First, always assign variables, and make them easy to remember:
c= # cups coffee
h= # cups hot chocolate
Let’s look at the cost:
If coffee costs $1.75 each, then multiply $1.75 by however many c cups of coffee we have, and we will get the total cost of all coffees.
If hot chocolate costs $1.20 each, then multiply $1.20 by however many h cups of hot chocolate we have, and we will get the total cost of all hot chocolates.
Add these costs together to get the total amount paid for everything, $11.15.
$1.75c + $1.20h = $11.15
Then, how many cups do we have?
We have c cups of coffee and h cups of hot chocolate, and they’ve told us there are 7 cups total.
c + h = 7
So, we have 2 equations:
$1.75c + $1.20h = $11.15
c + h = 7
So, make life less complicated and pick one variable to work with. In this instance, since the question asks to solve for both coffee and hot chocolate, it doesn’t really matter which one we choose.

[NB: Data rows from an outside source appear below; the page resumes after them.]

lemma top_boolean_imp_generate_insert:
  assumes "finite (carrier G)" "subgroup H G" "subgroup K G" "H \<subseteq> K" "top_boolean G H K"
  shows "\<exists>g \<in> K. generate G (insert g H) = K"
proof -
  let ?C = "interval_coatoms G H K"
  have "finite ?C"
    by (rule finite_subset[OF interval_coatoms_subset finite_subgroup_interval[OF assms(1)]])
  have dist: "distributive_subgroup_interval G (top_interval_bottom G H K) K"
    using assms(5) boolean_subgroup_interval_imp_distributive unfolding top_boolean_def by blast
  have "\<exists>g \<in> K. \<forall>M \<in> ?C. g \<notin> M"
  proof (rule exists_element_avoiding_subgroups[OF \<open>finite ?C\<close> assms(3)])
    show "subgroup N G" if "N \<in> ?C" for N
      using that by (simp add: interval_coatoms_def subgroup_interval_def)
    show "\<not> K \<inter> \<Inter> F \<subseteq> N" if "F \<subseteq> ?C" "N \<in> ?C - F" for F N
      using top_interval_coatoms_independent[OF dist assms(3,4)] finite_subset[OF that(1) \<open>finite ?C\<close>] that
      by blast
  qed
  then obtain g where g: "g \<in> K" "\<forall>M \<in> ?C. g \<notin> M" ..
  define L where "L = generate G (insert g H)"
  have "insert g H \<subseteq> carrier G"
    using g(1) assms(3,4) subgroup.subset by blast
  then have "subgroup L G"
    unfolding L_def by (rule generate_is_subgroup)
  moreover have "insert g H \<subseteq> L"
    unfolding L_def by (auto intro: generate.incl)
  moreover have "L \<subseteq> K"
    unfolding L_def using g(1) assms(3,4) by (intro generate_subgroup_incl) auto
  ultimately have "L \<in> subgroup_interval G H K"
    by (auto simp: subgroup_interval_def)
  with \<open>insert g H \<subseteq> L\<close> have "L = K"
    using exists_coatom_above[OF assms(1)] g(2) by blast
  then show ?thesis using g(1) unfolding L_def by blast
qed
(* Let $n\ge 2$ and let $g_1,\dots,g_r\in\mathbb R[X_1,\dots,X_n]$ satisfy $\|g_i\|\le\tfrac12$ for all $i$ and $1-\|\mathbf X\|_2^2\in\mathcal Q_{\ell_0}(\mathbf g)$ for some $\ell_0\in\mathbb N$. Let $\mathfrak c\ge1,\textit{Ł}\ge1$ satisfy $D(x)^{\textit{Ł}}\le \mathfrak c\,G(x)$ on $[-1,1]^n$, and let $\gamma(n,\mathbf g)\ge 1$ be a constant depending only on $n,\mathbf g$ such that every $f\in\mathbb R[\mathbf X]$ with $f^*>0$ lies in $\mathcal Q_\ell(\mathbf g)$ whenever $\ell\ge\gamma(n,\mathbf g)\,d(f)^{3.5n\textit{Ł}}\epsilon(f)^{-2.5n\textit{Ł}}$. Let $0<\epsilon\le\tfrac12$, $t\in\mathbb N$, $t\ge1$, and $\ell\in\mathbb N$ with $$\ell\ge \gamma(n,\mathbf g)\,6^{2.5n\textit{Ł}}\,t^{6n\textit{Ł}}\binom{n+t}{t}^{2.5n\textit{Ł}}\epsilon^{-2.5n\textit{Ł}}\quad\text{and}\quad \ell\ge 2t+\ell_0 .$$ Then $d_H\big(\mathcal M^{(1)}(S)^{[2t]},\ \mathcal L^{(1)}_\ell(\mathbf g)^{[2t]}\big)\le\epsilon$.
   Context: $\mathbb R[\mathbf X]=\mathbb R[X_1,\dots,X_n]$, $\Sigma^2$ sums of squares, $S=\{x: g_i(x)\ge0\ \forall i\}$ (nonempty), $\mathcal Q_\ell(\mathbf g)=\{s_0+\sum_i s_ig_i: s_j\in\Sigma^2,\deg s_0\le\ell,\deg(s_ig_i)\le\ell\}$, $\|h\|=\max_{[-1,1]^n}|h|$, $\|\mathbf X\|_2^2=\sum X_i^2$, $d(f)=\deg f$, $f^*=\min_S f$, $\epsilon(f)=f^*/\|f\|$, $G(x)=|\min\{g_1(x),\dots,g_r(x),0\}|$, $D(x)=\operatorname{dist}(x,S)$. A linear functional $L$ on $\mathbb R[\mathbf X]_k$ (polynomials of degree $\le k$) is identified with its vector $(L(\mathbf X^\alpha))_{|\alpha|\le k}$, and distances are Euclidean distances between these vectors; $L^{[2t]}$ is the restriction to $\mathbb R[\mathbf X]_{2t}$. $\mathcal M^{(1)}(S)^{[2t]}=\{(\int \mathbf x^\alpha d\mu)_{|\alpha|\le 2t}: \mu$ a Borel probability measure supported on $S\}$. $\mathcal L^{(1)}_\ell(\mathbf g)=\{L\in(\mathbb R[\mathbf X]_\ell)^*: L(q)\ge0\ \forall q\in\mathcal Q_\ell(\mathbf g),\ L(1)=1\}$ and $\mathcal L^{(1)}_\ell(\mathbf g)^{[2t]}$ is the set of restrictions to $\mathbb R[\mathbf X]_{2t}$. $d_H(A,B)=\max\{\sup_{a\in A}\operatorname{dist}(a,B),\sup_{b\in B}\operatorname{dist}(b,A)\}$ is the Hausdorff distance. *)

theory Defs
  imports "HOL-Probability.Probability" "HOL-Library.Poly_Mapping"
begin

So, let’s just isolate a variable using the simpler equation.
c + h = 7
c + h - h = 7 - h
c= 7 - h
And now, let’s substitute in for c into the longer equation:
$1.75c + $1.20h = $11.15
$1.75(7-h) + $1.20h = $11.15
Now that we only have h to work with, we can solve for h using order of operations:
$1.75*7-$1.75*h + $1.20h = $11.15
$12.25 - $1.75h + $1.20h = $11.15
$12.25 - $0.55h = $11.15
$12.25 - $12.25 - $0.55h = $11.15- $12.25
-$0.55h = - $1.10
-$0.55 -$0.55
h= 2
So, Nathan bought 2 cups of hot chocolate. Plug in 2 for h into the simpler equation to solve for c:
c= 7 - h
c=7 - 2
c=5
So, Nathan bought 5 cups of coffee.
Feel free to ask me for how to tell which variable to solve for—in this case, it didn’t matter, since they asked for both, and both were the same difficulty to solve for. But, sometimes it can save you significant time and energy by solving for one variable rather than the other one. There are also more tricks to use with systems of equations—I’m happy to answer any questions that come up!
Best,
Ginnie